### Business Document Processing: Summarization, Keyword Extraction, and Sentiment Analysis

- Loads and processes diverse business documents (PDF, HTML, CSV) for analysis.
- Summarizes document content for quick business insights using GPT-3.5.
- Extracts key business-relevant keywords to aid decision-making.
- Performs sentiment analysis on customer feedback to gauge satisfaction.
- Provides efficient business document analysis through automated text processing.

In [5]:
# Read the open ai api key from your text file
f = open('C:\\Users\\Shailendra Kadre\\Desktop\\OPEN_AI_KEY.txt')
api_key = f.read()

In [11]:
import os
from langchain.document_loaders import PyPDFLoader, UnstructuredHTMLLoader, CSVLoader
from langchain.text_splitter import CharacterTextSplitter
from langchain_openai import ChatOpenAI  # Correct import for OpenAI Chat model
from langchain.prompts import PromptTemplate
from langchain.chains import LLMChain

# Load and parse documents
pdf_loader = PyPDFLoader("sample_pdf.pdf")
pdf_docs = pdf_loader.load()

html_loader = UnstructuredHTMLLoader("sample_html.html")
html_docs = html_loader.load()

csv_loader = CSVLoader("sample_csv.csv")
csv_docs = csv_loader.load()

# Text Splitting for Processing
splitter = CharacterTextSplitter(chunk_size=500, chunk_overlap=50)
pdf_chunks = splitter.split_documents(pdf_docs)
html_chunks = splitter.split_documents(html_docs)
csv_chunks = splitter.split_documents(csv_docs)

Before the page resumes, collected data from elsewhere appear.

lemma vector_4_arith:
  "(vector [a, b, c, d] :: real^4) + vector [e, f, g, h] = vector [a + e, b + f, c + g, d + h]"
  "(vector [a, b, c, d] :: real^4) - vector [e, f, g, h] = vector [a - e, b - f, c - g, d - h]"
  "r *\<^sub>R (vector [a, b, c, d] :: real^4) = vector [r * a, r * b, r * c, r * d]"
  by (simp_all add: vec_eq_iff forall_4)

lemma has_vector_derivative_vector_4:
  assumes "(f1 has_real_derivative d1) (at s)" "(f2 has_real_derivative d2) (at s)"
    and "(f3 has_real_derivative d3) (at s)" "(f4 has_real_derivative d4) (at s)"
  shows "((\<lambda>s. vector [f1 s, f2 s, f3 s, f4 s] :: real^4)
           has_vector_derivative vector [d1, d2, d3, d4]) (at s)"
proof -
  have basis: "(vector [a, b, c, d] :: real^4) =
      a *\<^sub>R vector [1, 0, 0, 0] + b *\<^sub>R vector [0, 1, 0, 0]
    + c *\<^sub>R vector [0, 0, 1, 0] + d *\<^sub>R vector [0, 0, 0, 1]" for a b c d
    by (simp add: vec_eq_iff forall_4)
  have "((\<lambda>s. f1 s *\<^sub>R (vector [1, 0, 0, 0] :: real^4) + f2 s *\<^sub>R vector [0, 1, 0, 0]
      + f3 s *\<^sub>R vector [0, 0, 1, 0] + f4 s *\<^sub>R vector [0, 0, 0, 1])
    has_vector_derivative (d1 *\<^sub>R vector [1, 0, 0, 0] + d2 *\<^sub>R vector [0, 1, 0, 0]
      + d3 *\<^sub>R vector [0, 0, 1, 0] + d4 *\<^sub>R vector [0, 0, 0, 1])) (at s)"
    by (rule derivative_eq_intros assms has_vector_derivative_const refl | simp)+
  then show ?thesis by (subst (1 2) basis) simp
qed

lemma normal_part_eqI:
  assumes "n \<bullet> Xu X u v = 0" and "n \<bullet> Xv X u v = 0"
    and "w - n = \<alpha> *\<^sub>R Xu X u v + \<beta> *\<^sub>R Xv X u v"
  shows "normal_part X u v w = n"
  unfolding normal_part_def
proof (rule the_equality)
  let ?T = "span {Xu X u v, Xv X u v}"
  have tangent: "w - n \<in> ?T"
    unfolding assms(3) by (intro span_add span_mul span_base) auto
  then show "n \<bullet> Xu X u v = 0 \<and> n \<bullet> Xv X u v = 0 \<and> w - n \<in> ?T"
    using assms by auto
  fix m assume m: "m \<bullet> Xu X u v = 0 \<and> m \<bullet> Xv X u v = 0 \<and> w - m \<in> ?T"
  have "m - n = (w - n) - (w - m)" by simp
  also have "\<dots> \<in> ?T" using tangent m by (intro span_diff[of "w - n" _ "w - m"]) auto
  finally have "orthogonal (m - n) (m - n)"
    by (rule orthogonal_to_span) (use m assms in \<open>auto simp: orthogonal_def inner_diff_left\<close>)
  then show "m = n" by (simp add: orthogonal_def)
qed

context
  fixes X :: surf and u v a1 a2 b1 b2 p q \<theta> :: real
  assumes Xu_eq: "Xu X u v = vector [a1, a2, - p * sin \<theta>, p * cos \<theta>]"
    and Xv_eq: "Xv X u v = vector [0, 0, - sin \<theta>, cos \<theta>]"
    and Xuu_eq: "vector_derivative (\<lambda>s. Xu X s v) (at u) =
      vector [b1, b2, - (p\<^sup>2 * cos \<theta> + q * sin \<theta>), q * cos \<theta> - p\<^sup>2 * sin \<theta>]"
    and Xuv_eq: "vector_derivative (\<lambda>t. Xu X u t) (at v) = vector [0, 0, - p * cos \<theta>, - p * sin \<theta>]"
    and Xvv_eq: "vector_derivative (\<lambda>t. Xv X u t) (at v) = vector [0, 0, - cos \<theta>, - sin \<theta>]"
    and unit_speed: "a1\<^sup>2 + a2\<^sup>2 + p\<^sup>2 = 1"
    and speed_orthogonal: "a1 * b1 + a2 * b2 + p * q = 0"
    and non_null: "1 - p\<^sup>2 \<noteq> 0"
begin

lemma first_fundamental_form: "coefE X u v = 1" "coefF X u v = p" "coefG X u v = 1"
  unfolding coefE_def coefF_def coefG_def Xu_eq Xv_eq inner_vector_4
  using unit_speed sin_cos_squared_add[of \<theta>] by algebra+

lemma second_fundamental_form_v:
  "h_uv X u v = vector [0, 0, - p * cos \<theta>, - p * sin \<theta>]"
  "h_vv X u v = vector [0, 0, - cos \<theta>, - sin \<theta>]"
  unfolding h_uv_def h_vv_def Xuv_eq Xvv_eq
  by (rule normal_part_eqI[where \<alpha> = 0 and \<beta> = 0];
      simp add: Xu_eq Xv_eq inner_vector_4 vector_4_arith algebra_simps vec_eq_iff forall_4)+

lemma second_fundamental_form_uu:
  defines "k \<equiv> p * q / (1 - p\<^sup>2)"
  shows "h_uu X u v = vector [b1 + k * a1, b2 + k * a2, - p\<^sup>2 * cos \<theta>, - p\<^sup>2 * sin \<theta>]"
  unfolding h_uu_def Xuu_eq
  \<comment> \<open>the tangential part -k X_u + (k p + q) X_v solves the Gram system with E = G = 1, F = p\<close>
proof (rule normal_part_eqI[where \<alpha> = "- k" and \<beta> = "k * p + q"])
  have "k * (1 - p\<^sup>2) = p * q" using non_null by (simp add: k_def)
  then have "(b1 + k * a1) * a1 + (b2 + k * a2) * a2 = 0"
    using unit_speed speed_orthogonal by algebra
  then show "vector [b1 + k * a1, b2 + k * a2, - p\<^sup>2 * cos \<theta>, - p\<^sup>2 * sin \<theta>] \<bullet> Xu X u v = 0"
    unfolding Xu_eq inner_vector_4 by (simp add: algebra_simps power2_eq_square)
  show "vector [b1 + k * a1, b2 + k * a2, - p\<^sup>2 * cos \<theta>, - p\<^sup>2 * sin \<theta>] \<bullet> Xv X u v = 0"
    unfolding Xv_eq inner_vector_4 by (simp add: algebra_simps)
  show "vector [b1, b2, - (p\<^sup>2 * cos \<theta> + q * sin \<theta>), q * cos \<theta> - p\<^sup>2 * sin \<theta>]
      - vector [b1 + k * a1, b2 + k * a2, - p\<^sup>2 * cos \<theta>, - p\<^sup>2 * sin \<theta>]
      = - k *\<^sub>R Xu X u v + (k * p + q) *\<^sub>R Xv X u v"
    unfolding Xu_eq Xv_eq vector_4_arith by (simp add: algebra_simps power2_eq_square)
qed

# Initialize the ChatOpenAI model with API key
llm = ChatOpenAI(model="gpt-3.5-turbo", openai_api_key=api_key)

# Summarization using OpenAI (Using LLMChain directly)
summary_prompt = PromptTemplate(
    input_variables=["text"],
    template="Summarize the following business document:\n{text}"
)
summary_chain = LLMChain(llm=llm, prompt=summary_prompt)

# Using .invoke() instead of .run()
pdf_summary = summary_chain.invoke({"text": pdf_chunks[0].page_content})
html_summary = summary_chain.invoke({"text": html_chunks[0].page_content})
csv_summary = summary_chain.invoke({"text": csv_chunks[0].page_content})

print("\n--- PDF Summary ---\n", pdf_summary)
print("\n--- HTML Summary ---\n", html_summary)
print("\n--- CSV Summary ---\n", csv_summary)

# Keyword Extraction using OpenAI (Using LLMChain directly)
keyword_prompt = PromptTemplate(
    input_variables=["text"],
    template="Extract the top 5 keywords from the following document:\n{text}"
)
keyword_chain = LLMChain(llm=llm, prompt=keyword_prompt)

# Using .invoke() instead of .run()
pdf_keywords = keyword_chain.invoke({"text": pdf_chunks[0].page_content})
html_keywords = keyword_chain.invoke({"text": html_chunks[0].page_content})
csv_keywords = keyword_chain.invoke({"text": csv_chunks[0].page_content})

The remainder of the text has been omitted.